AI has several algorithms so far. For example, the core of hotspot path analysis is the rule engine responsible for detecting anomalies. The IoT platform is embedded with a complex rule engine, which can dynamically evaluate complex patterns from sensor data flow. Experts in the field of data formats define the baseline threshold and routing logic of the rule engine. This logic serves as the key input for the rule engine in orchestrating the message flow, and is defined for each data point before moving to the next stage of the data processing process. Nested sentence conditions, the rule engine has become the core of the Internet of Things platform, and one of the key areas of machine learning is to find patterns from existing data sets, group similar data points, and predict the value of future data points.
Higher-order algorithms related to machine learning can be used for classification and predictive analysis. Since these algorithms can be learned from existing data, and most IoT data is based on time series, these algorithms can predict the future value of sensors based on historical data. The combination of these various machine learning algorithms will replace the traditional rule engine in the Industrial IoT platform. Although domain experts still need to take action based on conditional definitions, these intelligent algorithms provide higher accuracy and precision.
AI+ HI High efficiency
One of the largest applications of machine learning in the Industrial IoT is predictive maintenance of equipment. It predicts equipment failure through correlation and analysis mode changes, and reports key indicators such as the remaining life of the equipment. Forecast maintenance can also be applied in the future as aerospace, manufacturing, automotive, transportation, logistics, supply chain and other fields, such as forecasting models are arranged to car service centers. In the aviation industry, the goal of predictive maintenance programs is to predict flight delays based on maintenance history and flight route information Or the possibility of cancellation.

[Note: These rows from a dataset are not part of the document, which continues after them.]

(* For any positive integer $k$, in $\mathfrak{h}^1_t[[u]]$, $$\frac{1}{1-z_ku}=\exp_{\ast_t}\left(\sum_{n=1}^\infty\frac1n d_n(t)z_{nk}u^n\right).$$ In particular, if $k\ge2$, $$1+\sum_{n=1}^\infty\zeta^t(\{k\}^n)u^n=\exp\left(\sum_{n=1}^\infty\frac1nd_n(t)\zeta(nk)u^n\right).$$
   Context: $u$ is a variable commuting with everything; $d_n(t)=t^n-(t-1)^n$; $\{k\}^n$ is $n$ repetitions of $k$. $\mathfrak{h}_t=\mathbb{Q}[t]\langle x,y\rangle$, $\mathfrak{h}^1_t=\mathbb{Q}[t]+\mathfrak{h}_ty$, $z_k=x^{k-1}y$, $\frac1{1-z_ku}=\sum_{n\ge0}z_k^nu^n$ (concatenation powers). For a word $w$, $\delta(w)=1$ if $w=1$, else $0$. The $t$-harmonic product $\ast_t$ on $\mathfrak{h}^1_t$ is the commutative, associative $\mathbb{Q}[t]$-bilinear product with $1\ast_t w=w\ast_t1=w$ and $z_kw_1\ast_t z_lw_2=z_k(w_1\ast_t z_lw_2)+z_l(z_kw_1\ast_t w_2)+(1-2t)z_{k+l}(w_1\ast_t w_2)+[1-\delta(w_1)\delta(w_2)](t^2-t)x^{k+l}(w_1\ast_t w_2)$ for words $w_1,w_2\in\mathfrak{h}^1_t$; it is extended coefficientwise to power series in $u$, and $\exp_{\ast_t}(X)=\sum_{m\ge0}X^{\ast_t m}/m!$. For $k_1\ge2$, $\zeta(k_1,\ldots,k_n)=\sum_{m_1>\cdots>m_n>0}\prod m_j^{-k_j}$ and $\zeta^t(k_1,\ldots,k_n)=\sum_{\mathbf p}t^{n-\mathrm{dep}(\mathbf p)}\zeta(\mathbf p)$, summed over sequences $\mathbf p$ obtained from $(k_1,\ldots,k_n)$ by replacing each separating comma by a comma or a plus sign ($\mathrm{dep}$ = length). *)

theory Defs
  imports "HOL-Analysis.Analysis" "HOL-Computational_Algebra.Polynomial"
          "HOL-Computational_Algebra.Formal_Power_Series"
begin

datatype letter = X | Y

type_synonym word = "letter list"

text \<open>An element of h_t: coefficient function words -> Q[t] (finitely supported
  for all elements actually used).\<close>
type_synonym hel = "word \<Rightarrow> rat poly"

text \<open>z_k = x^(k-1) y, and the word z_{k1} ... z_{kn}\<close>
definition zw :: "nat list \<Rightarrow> word" where
  "zw ks = concat (map (\<lambda>k. replicate (k - 1) X @ [Y]) ks)"

text \<open>inverse of zw on words of h^1 (empty or ending in y)\<close>
fun dec :: "word \<Rightarrow> nat list" where
  "dec [] = []"
| "dec (Y # w) = 1 # dec w"
| "dec (X # w) = (case dec w of [] \<Rightarrow> [] | k # r \<Rightarrow> (k + 1) # r)"

definition wmon :: "word \<Rightarrow> hel" where
  "wmon w = (\<lambda>v. if v = w then 1 else 0)"

definition lcat :: "word \<Rightarrow> hel \<Rightarrow> hel" where
  "lcat p F = (\<lambda>v. if take (length p) v = p then F (drop (length p) v) else 0)"

definition supp :: "hel \<Rightarrow> word set" where
  "supp A = {v. A v \<noteq> 0}"

fun tharm :: "nat list \<Rightarrow> nat list \<Rightarrow> hel" where
  "tharm [] w = wmon (zw w)"
| "tharm (k # w) [] = wmon (zw (k # w))"
| "tharm (k # w1) (l # w2) = (\<lambda>v.
      lcat (zw [k]) (tharm w1 (l # w2)) v
    + lcat (zw [l]) (tharm (k # w1) w2) v
    + [:1, -2:] * lcat (zw [k + l]) (tharm w1 w2) v
    + (if w1 = [] \<and> w2 = [] then 0
       else [:0, -1, 1:] * lcat (replicate (k + l) X) (tharm w1 w2) v))"

definition hmul :: "hel \<Rightarrow> hel \<Rightarrow> hel" where
  "hmul A B = (\<lambda>v. \<Sum>a\<in>supp A. \<Sum>b\<in>supp B. A a * B b * tharm (dec a) (dec b) v)"

type_synonym hser = "nat \<Rightarrow> hel"

definition smul :: "hser \<Rightarrow> hser \<Rightarrow> hser" where
  "smul S T = (\<lambda>n v. \<Sum>i\<le>n. hmul (S i) (T (n - i)) v)"

definition sone :: hser where
  "sone = (\<lambda>n. if n = 0 then wmon [] else (\<lambda>v. 0))"

fun spow :: "hser \<Rightarrow> nat \<Rightarrow> hser" where
  "spow S 0 = sone"
| "spow S (Suc m) = smul S (spow S m)"

text \<open>exp_{*t}(S) = sum_m S^{*m}/m!, coefficientwise in u; for S with zero
  constant term, S^{*m} only contributes to u^n with n \<ge> m.\<close>
definition texp :: "hser \<Rightarrow> hser" where
  "texp S = (\<lambda>n v. \<Sum>m\<le>n. [: inverse (fact m) :] * spow S m n v)"

definition dpoly :: "nat \<Rightarrow> rat poly" where
  "dpoly n = [:0, 1:] ^ n - [:-1, 1:] ^ n"

text \<open>1/(1 - z_k u) = sum_n z_k^n u^n\<close>
definition geomser :: "nat \<Rightarrow> hser" where
  "geomser k = (\<lambda>n. wmon (zw (replicate n k)))"

definition logser :: "nat \<Rightarrow> hser" where
  "logser k = (\<lambda>n. if n = 0 then (\<lambda>v. 0)
                   else (\<lambda>v. smult (1 / of_nat n) (dpoly n) * wmon (zw [n * k]) v))"

definition mzv :: "nat list \<Rightarrow> real" where
  "mzv ks = infsum (\<lambda>ms. \<Prod>j<length ks. 1 / real (ms ! j) ^ (ks ! j))
     {ms. length ms = length ks \<and> sorted_wrt (>) ms \<and> (\<forall>m\<in>set ms. m > 0)}"

text \<open>all sequences obtained by replacing each comma by a comma or a plus (with multiplicity)\<close>
fun merges :: "nat list \<Rightarrow> nat list list" where
  "merges [] = [[]]"
| "merges [a] = [[a]]"
| "merges (a # b # r) =
     map (\<lambda>p. a # p) (merges (b # r)) @ map (\<lambda>p. (a + hd p) # tl p) (merges (b # r))"

definition zeta_t :: "nat list \<Rightarrow> real \<Rightarrow> real" where
  "zeta_t ks t = sum_list (map (\<lambda>p. t ^ (length ks - length p) * mzv p) (merges ks))"

end

theory Submission
  imports Defs "HOL-Library.Poly_Mapping"
begin

(* Evaluate h^1_t in a commutative Q[t]-algebra by sending z_(k_1)...z_(k_n) to the truncated
   interpolated multiple harmonic sum in variables x(m). This evaluation turns *_t into the ordinary
   product, so both sides of the first identity become power series F in u with F(0) = 1 and
   F' = F H, where H = sum_n d_(n+1)(t) (sum_(m <= N) x(m)^((n+1)k)) u^n: for 1/(1 - z_k u) because
   each index m contributes the factor 1 + y u / (1 - t y u), y = x(m)^k, whose logarithmic derivative
   is sum_n d_(n+1)(t) y^(n+1) u^n. With formal variables x(m) the evaluation is injective on h^1_t,
   which gives the identity in h^1_t. For x(m) = 1/m the truncated sums tend to zeta^t as N -> oo, and
   the differential equation passes to the limit. *)

section \<open>Truncated interpolated multiple harmonic sums\<close>

text \<open>\<open>tmhs x \<tau> [k\<^sub>1, \<dots>, k\<^sub>n] N\<close> is the sum over \<open>N \<ge> m\<^sub>1 \<ge> \<dots> \<ge> m\<^sub>n \<ge> 1\<close> of
  \<open>\<tau>\<^sup>e x m\<^sub>1 ^ k\<^sub>1 \<cdots> x m\<^sub>n ^ k\<^sub>n\<close>, where \<open>e\<close> is the number of equalities \<open>m\<^sub>i = m\<^sub>i\<^sub>+\<^sub>1\<close>;
  \<open>tmhs_top x \<tau> ks m\<close> is the part with \<open>m\<^sub>1 = m\<close>.\<close>

fun tmhs_top :: "(nat \<Rightarrow> 'a::comm_ring_1) \<Rightarrow> 'a \<Rightarrow> nat list \<Rightarrow> nat \<Rightarrow> 'a" where
  "tmhs_top x \<tau> [] m = 0"
| "tmhs_top x \<tau> (k # ks) m =
     x m ^ k * ((if ks = [] then 1 else 0) + (\<Sum>j\<in>{1..<m}. tmhs_top x \<tau> ks j) + \<tau> * tmhs_top x \<tau> ks m)"

definition tmhs :: "(nat \<Rightarrow> 'a::comm_ring_1) \<Rightarrow> 'a \<Rightarrow> nat list \<Rightarrow> nat \<Rightarrow> 'a" where
  "tmhs x \<tau> ks N = (if ks = [] then 1 else 0) + (\<Sum>m\<in>{1..N}. tmhs_top x \<tau> ks m)"

lemma tmhs_0: "tmhs x \<tau> ks 0 = (if ks = [] then 1 else 0)"
  by (simp add: tmhs_def)

lemma tmhs_Suc: "tmhs x \<tau> ks (Suc N) = tmhs x \<tau> ks N + tmhs_top x \<tau> ks (Suc N)"
  by (simp add: tmhs_def)

lemma tmhs_Nil [simp]: "tmhs x \<tau> [] N = 1"
  by (simp add: tmhs_def)

lemma tmhs_top_Cons: "tmhs_top x \<tau> (k # ks) m = x m ^ k * (tmhs x \<tau> ks (m - 1) + \<tau> * tmhs_top x \<tau> ks m)"
proof -
  have "{1..<m} = {1..m - 1}" by auto
  then show ?thesis by (simp add: tmhs_def)
qed

declare tmhs_top.simps(2) [simp del]

lemma tmhs_singleton: "tmhs x \<tau> [k] N = (\<Sum>m\<in>{1..N}. x m ^ k)"
  by (simp add: tmhs_def tmhs_top_Cons)

lemma tmhs_top_replicate:
  "tmhs_top x \<tau> (replicate (Suc n) k) m =
     (\<Sum>j\<le>n. \<tau> ^ j * (x m ^ k) ^ Suc j * tmhs x \<tau> (replicate (n - j) k) (m - 1))"
proof (induction n)
  case 0
  then show ?case by (simp add: tmhs_top_Cons)
next
  case (Suc n)
  have "tmhs_top x \<tau> (replicate (Suc (Suc n)) k) m
      = x m ^ k * tmhs x \<tau> (replicate (Suc n) k) (m - 1) + \<tau> * x m ^ k * tmhs_top x \<tau> (replicate (Suc n) k) m"
    by (simp add: tmhs_top_Cons algebra_simps)
  also have "\<dots> = x m ^ k * tmhs x \<tau> (replicate (Suc n) k) (m - 1)
      + (\<Sum>j\<le>n. \<tau> ^ Suc j * (x m ^ k) ^ Suc (Suc j) * tmhs x \<tau> (replicate (n - j) k) (m - 1))"
    unfolding Suc sum_distrib_left by (simp add: algebra_simps)
  also have "\<dots> = (\<Sum>j\<le>Suc n. \<tau> ^ j * (x m ^ k) ^ Suc j * tmhs x \<tau> (replicate (Suc n - j) k) (m - 1))"
    by (subst sum.atMost_Suc_shift) simp
  finally show ?case .
qed

lemma zw_Nil [simp]: "zw [] = []"
  by (simp add: zw_def)

lemma zw_Cons: "zw (k # ks) = replicate (k - 1) X @ Y # zw ks"
  by (simp add: zw_def)

lemma zw_Cons_append: "zw (k # ks) = zw [k] @ zw ks"
  by (simp add: zw_def)

lemma zw_eq_Nil_iff [simp]: "zw ks = [] \<longleftrightarrow> ks = []"
  by (cases ks) (auto simp: zw_def)

lemma dec_replicate_X_append:
  "dec (replicate j X @ w) = (case dec w of [] \<Rightarrow> [] | c # r \<Rightarrow> (c + j) # r)"
  by (induction j) (auto split: list.splits)

lemma dec_zw_append: "0 < k \<Longrightarrow> dec (zw [k] @ w) = k # dec w"
  by (simp add: zw_Cons dec_replicate_X_append)

lemma dec_zw: "0 \<notin> set ks \<Longrightarrow> dec (zw ks) = ks"
  by (induction ks) (auto simp: zw_Cons dec_replicate_X_append)

lemma zero_notin_dec: "0 \<notin> set (dec w)"
  by (induction w rule: dec.induct) (simp_all split: list.splits, metis list.set_intros(2))

lemma supp_add_subset: "supp (\<lambda>v. F v + G v) \<subseteq> supp F \<union> supp G"
  by (auto simp: supp_def)

lemma supp_diff_subset: "supp (\<lambda>v. F v - G v) \<subseteq> supp F \<union> supp G"
  by (auto simp: supp_def)

lemma supp_cmult_subset: "supp (\<lambda>v. c * F v) \<subseteq> supp F"
  by (auto simp: supp_def)

lemma supp_sum_subset: "supp (\<lambda>v. \<Sum>i\<in>I. F i v) \<subseteq> (\<Union>i\<in>I. supp (F i))"
  by (auto simp: supp_def intro: sum.neutral)

lemma supp_zero [simp]: "supp (\<lambda>v. 0) = {}"
  by (simp add: supp_def)

lemma supp_wmon [simp]: "supp (wmon w) = {w}"
  by (auto simp: supp_def wmon_def)
(* Let $L$ be an interval locale with top element $1$, and for a presheaf $F$ on $L$ and $x\in L\setminus\{1\}$ set $F_x=\varinjlim_{x<s}F(s)$. Then: (1) the associated sheaf map $\eta:F\to L^2F$ induces bijections $F_x\to(L^2F)_x$ for all $x\in L\setminus\{1\}$; (2) a map $E\to F$ of presheaves on $L$ induces bijections $E_x\to F_x$ for all $x\in L\setminus\{1\}$ if and only if the induced map $L^2E\to L^2F$ of associated sheaves is an isomorphism.
   Context: A locale $L$ is a complete lattice in which finite meets distribute over arbitrary joins, with Grothendieck topology: $\{b_j\le a\}$ covers $a$ iff $\bigvee_j b_j=a$; presheaves are functors $L^{op}\to\mathbf{Set}$, sheaves are presheaves $F$ with $F(a)\to\varprojlim_{b\in R}F(b)$ bijective for all covering sieves $R$ of $a$. $L$ is an interval if it is totally ordered and densely ordered ($a<b$ implies some $s$ with $a<s<b$). $L^2$ denotes the associated sheaf functor from presheaves to sheaves on $L$ and $\eta:F\to L^2F$ the canonical map. *)

theory Defs
  imports Main
begin

text \<open>The locale L is modelled as a type 'a of class complete_linorder (a totally ordered
complete lattice, hence automatically a frame) which is also dense_order.
A presheaf on L is a pair (P, R): P a is the set of sections over a, and
R a b : P a -> P b is restriction for b <= a.\<close>

type_synonym ('a, 'b) psh = "('a \<Rightarrow> 'b set) \<times> ('a \<Rightarrow> 'a \<Rightarrow> 'b \<Rightarrow> 'b)"

definition presheaf :: "('a::order, 'b) psh \<Rightarrow> bool" where
  "presheaf F \<longleftrightarrow>
     (\<forall>a b u. b \<le> a \<longrightarrow> u \<in> fst F a \<longrightarrow> snd F a b u \<in> fst F b) \<and>
     (\<forall>a u. u \<in> fst F a \<longrightarrow> snd F a a u = u) \<and>
     (\<forall>a b c u. c \<le> b \<longrightarrow> b \<le> a \<longrightarrow> u \<in> fst F a \<longrightarrow>
        snd F b c (snd F a b u) = snd F a c u)"

definition nat_trans :: "('a::order, 'b) psh \<Rightarrow> ('a, 'c) psh \<Rightarrow> ('a \<Rightarrow> 'b \<Rightarrow> 'c) \<Rightarrow> bool" where
  "nat_trans F G f \<longleftrightarrow> presheaf F \<and> presheaf G \<and>
     (\<forall>a u. u \<in> fst F a \<longrightarrow> f a u \<in> fst G a) \<and>
     (\<forall>a b u. b \<le> a \<longrightarrow> u \<in> fst F a \<longrightarrow> f b (snd F a b u) = snd G a b (f a u))"

definition psh_iso :: "('a::order, 'b) psh \<Rightarrow> ('a, 'c) psh \<Rightarrow> ('a \<Rightarrow> 'b \<Rightarrow> 'c) \<Rightarrow> bool" where
  "psh_iso F G f \<longleftrightarrow> nat_trans F G f \<and>
     (\<exists>g. nat_trans G F g \<and> (\<forall>a u. u \<in> fst F a \<longrightarrow> g a (f a u) = u) \<and>
          (\<forall>a v. v \<in> fst G a \<longrightarrow> f a (g a v) = v))"
(* Let $\mathcal C$ be a discard category and let $\alpha,\beta$ be two regular stateful morphism sequences over $\mathcal C$ with the same input sequence $(A_i)_{i\ge1}$ and the same output sequence $(B_i)_{i\ge1}$. If $\alpha\equiv\beta$, then $\mathrm{FA}_k(\alpha)=\mathrm{FA}_k(\beta)$ for every $k\ge1$.
   Context: Monoidal categories are treated as strict (associators and unitors suppressed); $\sigma$ denotes the symmetry. A discard category is a symmetric monoidal category $(\mathcal C,\otimes,I)$ together with, for every object $A$, a morphism $\top_A:A\to I$ (the discard) such that $\top_I=\mathrm{id}_I$ and $\top_{A\otimes B}=\top_A\otimes\top_B$. A morphism $f:A\to B$ is causal if $\top_B\circ f=\top_A$. A stateful morphism sequence $\alpha$ over $\mathcal C$ consists of objects $(A_i)_{i\ge1}$ (inputs), $(B_i)_{i\ge1}$ (outputs), $(M_i)_{i\ge0}$ (memories) with $M_0=I$, and morphisms (layers) $\alpha_i\in\mathcal C(A_i\otimes M_{i-1},B_i\otimes M_i)$ for $i\ge1$. It is regular if there is $n$ such that for all $k\ge n$: $A_k=A_n$, $B_k=B_n$, $M_k=M_n$ and $\alpha_k=\alpha_n$. Composition and tensor of stateful sequences are defined layerwise: the memory of $\beta\circ\alpha$ (resp. $\alpha\otimes\beta$) at tick $k$ is $M^\alpha_k\otimes M^\beta_k$, and its $k$-th layer applies $\alpha_k$ and then $\beta_k$ (resp. $\alpha_k$ and $\beta_k$ side by side), with symmetries rearranging wires. The delay $D\alpha$ has $(D\alpha)_1=\mathrm{id}_I$ (with first input, output and memory $I$) and $(D\alpha)_k=\alpha_{k-1}$ for $k\ge2$. Finite approximations: put $\Phi_1=\alpha_1:A_1\to B_1\otimes M_1$ and $\Phi_{k+1}=(\mathrm{id}_{B_1\otimes\cdots\otimes B_k}\otimes\alpha_{k+1})\circ(\mathrm{id}_{B_1\otimes\cdots\otimes B_k}\otimes\sigma_{M_k,A_{k+1}})\circ(\Phi_k\otimes\mathrm{id}_{A_{k+1}})$, a morphism $A_1\otimes\cdots\otimes A_{k+1}\to B_1\otimes\cdots\otimes B_{k+1}\otimes M_{k+1}$. Then $\mathrm{FA}_k(\alpha):=(\mathrm{id}_{B_1\otimes\cdots\otimes B_k}\otimes\top_{M_k})\circ\Phi_k$. The congruence $\equiv$: judgments $\Gamma\vdash\alpha=\beta$ between parallel regular stateful sequences, $\Gamma$ a set of such equations, are derived (by well-founded, possibly infinitely branching derivations) from: (hyp) $\Gamma\vdash\alpha=\beta$ if $(\alpha=\beta)\in\Gamma$; (CM) for $k\ge1$, $\beta_k\in\mathcal C(A_k\otimes M_{k-1},B_k\otimes N)$, a causal $c\in\mathcal C(N,M_k)$ and $\gamma\in\mathcal C(A_{k+1}\otimes M_k,B_{k+1}\otimes M_{k+1})$, the sequence with layers $k,k+1$ equal to $(\mathrm{id}\otimes c)\circ\beta_k,\gamma$ equals the sequence (memory $N$ at tick $k$) with layers $\beta_k,\gamma\circ(\mathrm{id}\otimes c)$, all other layers identical; (IM) for an idempotent $\pi\in\mathcal C(M_k,M_k)$, the sequence with layers $k,k+1$ equal to $(\mathrm{id}\otimes\pi)\circ\beta_k,\gamma$ equals the sequence with layers $(\mathrm{id}\otimes\pi)\circ\beta_k,\gamma\circ(\mathrm{id}\otimes\pi)$, others identical; reflexivity, symmetry, transitivity; closure under $\gamma\circ-$, $-\circ\gamma$, $\gamma\otimes-$, $-\otimes\gamma$; and coinduction: if $(\alpha^{(n)})_{n\ge0},(\beta^{(n)})_{n\ge0}$ are such that for every $n$, $\Gamma\cup\{D\alpha^{(n+1)}=D\beta^{(n+1)}\}\vdash\alpha^{(n)}=\beta^{(n)}$, then $\Gamma\vdash\alpha^{(0)}=\beta^{(0)}$. We write $\alpha\equiv\beta$ iff $\emptyset\vdash\alpha=\beta$. *)

theory Defs
  imports Main
begin

text \<open>Objects are the elements of type 'o, morphisms the elements of type 'm.
  ccomp g f is g after f (defined meaningfully when ccod f = cdom g).\<close>

record ('o, 'm) dcat =
  cdom  :: "'m \<Rightarrow> 'o"
  ccod  :: "'m \<Rightarrow> 'o"
  ccomp :: "'m \<Rightarrow> 'm \<Rightarrow> 'm"
  cid   :: "'o \<Rightarrow> 'm"
  cunit :: "'o"
  cto   :: "'o \<Rightarrow> 'o \<Rightarrow> 'o"
  ctm   :: "'m \<Rightarrow> 'm \<Rightarrow> 'm"
  csym  :: "'o \<Rightarrow> 'o \<Rightarrow> 'm"
  cdisc :: "'o \<Rightarrow> 'm"

definition hom :: "('o, 'm) dcat \<Rightarrow> 'm \<Rightarrow> 'o \<Rightarrow> 'o \<Rightarrow> bool" where
  "hom C f A B \<longleftrightarrow> cdom C f = A \<and> ccod C f = B"

definition category :: "('o, 'm) dcat \<Rightarrow> bool" where
  "category C \<longleftrightarrow>
     (\<forall>A. hom C (cid C A) A A) \<and>
     (\<forall>f g. ccod C f = cdom C g \<longrightarrow> hom C (ccomp C g f) (cdom C f) (ccod C g)) \<and>
     (\<forall>f. ccomp C f (cid C (cdom C f)) = f) \<and>
     (\<forall>f. ccomp C (cid C (ccod C f)) f = f) \<and>
     (\<forall>f g h. ccod C f = cdom C g \<longrightarrow> ccod C g = cdom C h \<longrightarrow>
        ccomp C h (ccomp C g f) = ccomp C (ccomp C h g) f)"

definition strict_monoidal :: "('o, 'm) dcat \<Rightarrow> bool" where
  "strict_monoidal C \<longleftrightarrow> category C \<and>
     (\<forall>f g. hom C (ctm C f g) (cto C (cdom C f) (cdom C g)) (cto C (ccod C f) (ccod C g))) \<and>
     (\<forall>A B D. cto C (cto C A B) D = cto C A (cto C B D)) \<and>
     (\<forall>A. cto C (cunit C) A = A \<and> cto C A (cunit C) = A) \<and>
     (\<forall>f g h. ctm C (ctm C f g) h = ctm C f (ctm C g h)) \<and>
     (\<forall>f. ctm C (cid C (cunit C)) f = f \<and> ctm C f (cid C (cunit C)) = f) \<and>
     (\<forall>A B. ctm C (cid C A) (cid C B) = cid C (cto C A B)) \<and>
     (\<forall>f g f' g'. ccod C f = cdom C g \<longrightarrow> ccod C f' = cdom C g' \<longrightarrow>
        ctm C (ccomp C g f) (ccomp C g' f') = ccomp C (ctm C g g') (ctm C f f'))"

definition symmetric_monoidal :: "('o, 'm) dcat \<Rightarrow> bool" where
  "symmetric_monoidal C \<longleftrightarrow> strict_monoidal C \<and>
     (\<forall>A B. hom C (csym C A B) (cto C A B) (cto C B A)) \<and>
     (\<forall>f g. ccomp C (csym C (ccod C f) (ccod C g)) (ctm C f g)
            = ccomp C (ctm C g f) (csym C (cdom C f) (cdom C g))) \<and>
     (\<forall>A B. ccomp C (csym C B A) (csym C A B) = cid C (cto C A B)) \<and>
     (\<forall>A B D. csym C A (cto C B D)
        = ccomp C (ctm C (cid C B) (csym C A D)) (ctm C (csym C A B) (cid C D)))"

definition discard_cat :: "('o, 'm) dcat \<Rightarrow> bool" where
  "discard_cat C \<longleftrightarrow> symmetric_monoidal C \<and>
     (\<forall>A. hom C (cdisc C A) A (cunit C)) \<and>
     cdisc C (cunit C) = cid C (cunit C) \<and>
     (\<forall>A B. cdisc C (cto C A B) = ctm C (cdisc C A) (cdisc C B))"

definition causal :: "('o, 'm) dcat \<Rightarrow> 'm \<Rightarrow> bool" where
  "causal C f \<longleftrightarrow> ccomp C (cdisc C (ccod C f)) f = cdisc C (cdom C f)"

text \<open>Indices of inp, outp, lay start at 1; index 0 is normalised to the unit
  (resp. the identity on the unit). mem 0 is the unit M_0 = I.\<close>

record ('o, 'm) sseq =
  inp  :: "nat \<Rightarrow> 'o"
  outp :: "nat \<Rightarrow> 'o"
  mem  :: "nat \<Rightarrow> 'o"
  lay  :: "nat \<Rightarrow> 'm"

definition wf_seq :: "('o, 'm) dcat \<Rightarrow> ('o, 'm) sseq \<Rightarrow> bool" where
  "wf_seq C a \<longleftrightarrow>
     inp a 0 = cunit C \<and> outp a 0 = cunit C \<and> mem a 0 = cunit C \<and>
     lay a 0 = cid C (cunit C) \<and>
     (\<forall>i\<ge>1. hom C (lay a i) (cto C (inp a i) (mem a (i - 1))) (cto C (outp a i) (mem a i)))"

definition regular :: "('o, 'm) sseq \<Rightarrow> bool" where
  "regular a \<longleftrightarrow> (\<exists>n\<ge>1. \<forall>k\<ge>n. inp a k = inp a n \<and> outp a k = outp a n \<and>
                               mem a k = mem a n \<and> lay a k = lay a n)"

definition good :: "('o, 'm) dcat \<Rightarrow> ('o, 'm) sseq \<Rightarrow> bool" where
  "good C a \<longleftrightarrow> wf_seq C a \<and> regular a"

text \<open>seq_comp C b a is b after a (requires outp a = inp b).\<close>
definition seq_comp :: "('o, 'm) dcat \<Rightarrow> ('o, 'm) sseq \<Rightarrow> ('o, 'm) sseq \<Rightarrow> ('o, 'm) sseq" where
  "seq_comp C b a =
     \<lparr> inp = inp a, outp = outp b,
       mem = (\<lambda>k. cto C (mem a k) (mem b k)),
       lay = (\<lambda>k. if k = 0 then cid C (cunit C) else
          ccomp C (ctm C (cid C (outp b k)) (csym C (mem b k) (mem a k)))
           (ccomp C (ctm C (lay b k) (cid C (mem a k)))
             (ccomp C (ctm C (cid C (outp a k)) (csym C (mem a k) (mem b (k - 1))))
                (ctm C (lay a k) (cid C (mem b (k - 1))))))) \<rparr>"

definition seq_tens :: "('o, 'm) dcat \<Rightarrow> ('o, 'm) sseq \<Rightarrow> ('o, 'm) sseq \<Rightarrow> ('o, 'm) sseq" where
  "seq_tens C a b =
     \<lparr> inp = (\<lambda>k. cto C (inp a k) (inp b k)), outp = (\<lambda>k. cto C (outp a k) (outp b k)),
       mem = (\<lambda>k. cto C (mem a k) (mem b k)),
       lay = (\<lambda>k. if k = 0 then cid C (cunit C) else
          ccomp C (ctm C (ctm C (cid C (outp a k)) (csym C (mem a k) (outp b k))) (cid C (mem b k)))
           (ccomp C (ctm C (lay a k) (lay b k))
              (ctm C (ctm C (cid C (inp a k)) (csym C (inp b k) (mem a (k - 1)))) (cid C (mem b (k - 1)))))) \<rparr>"

definition delay :: "('o, 'm) dcat \<Rightarrow> ('o, 'm) sseq \<Rightarrow> ('o, 'm) sseq" where
  "delay C a =
     \<lparr> inp = (\<lambda>k. if k \<le> 1 then cunit C else inp a (k - 1)),
       outp = (\<lambda>k. if k \<le> 1 then cunit C else outp a (k - 1)),
       mem = (\<lambda>k. if k \<le> 1 then cunit C else mem a (k - 1)),
       lay = (\<lambda>k. if k \<le> 1 then cid C (cunit C) else lay a (k - 1)) \<rparr>"

type_synonym ('o, 'm) eqn = "('o, 'm) sseq \<times> ('o, 'm) sseq"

AI and HI must work together to create max value in industry
The Industrial IoT is one of the fastest growing categories in all vertical applications at present . AI in the Industrial IoT mainly assists operators and managers to screen data extracted from a large number of devices and do judgment, but the current AI cannot make logical decisions.So the AI should combined with the human creativity to make the best benefit of the system in the manufacturing field.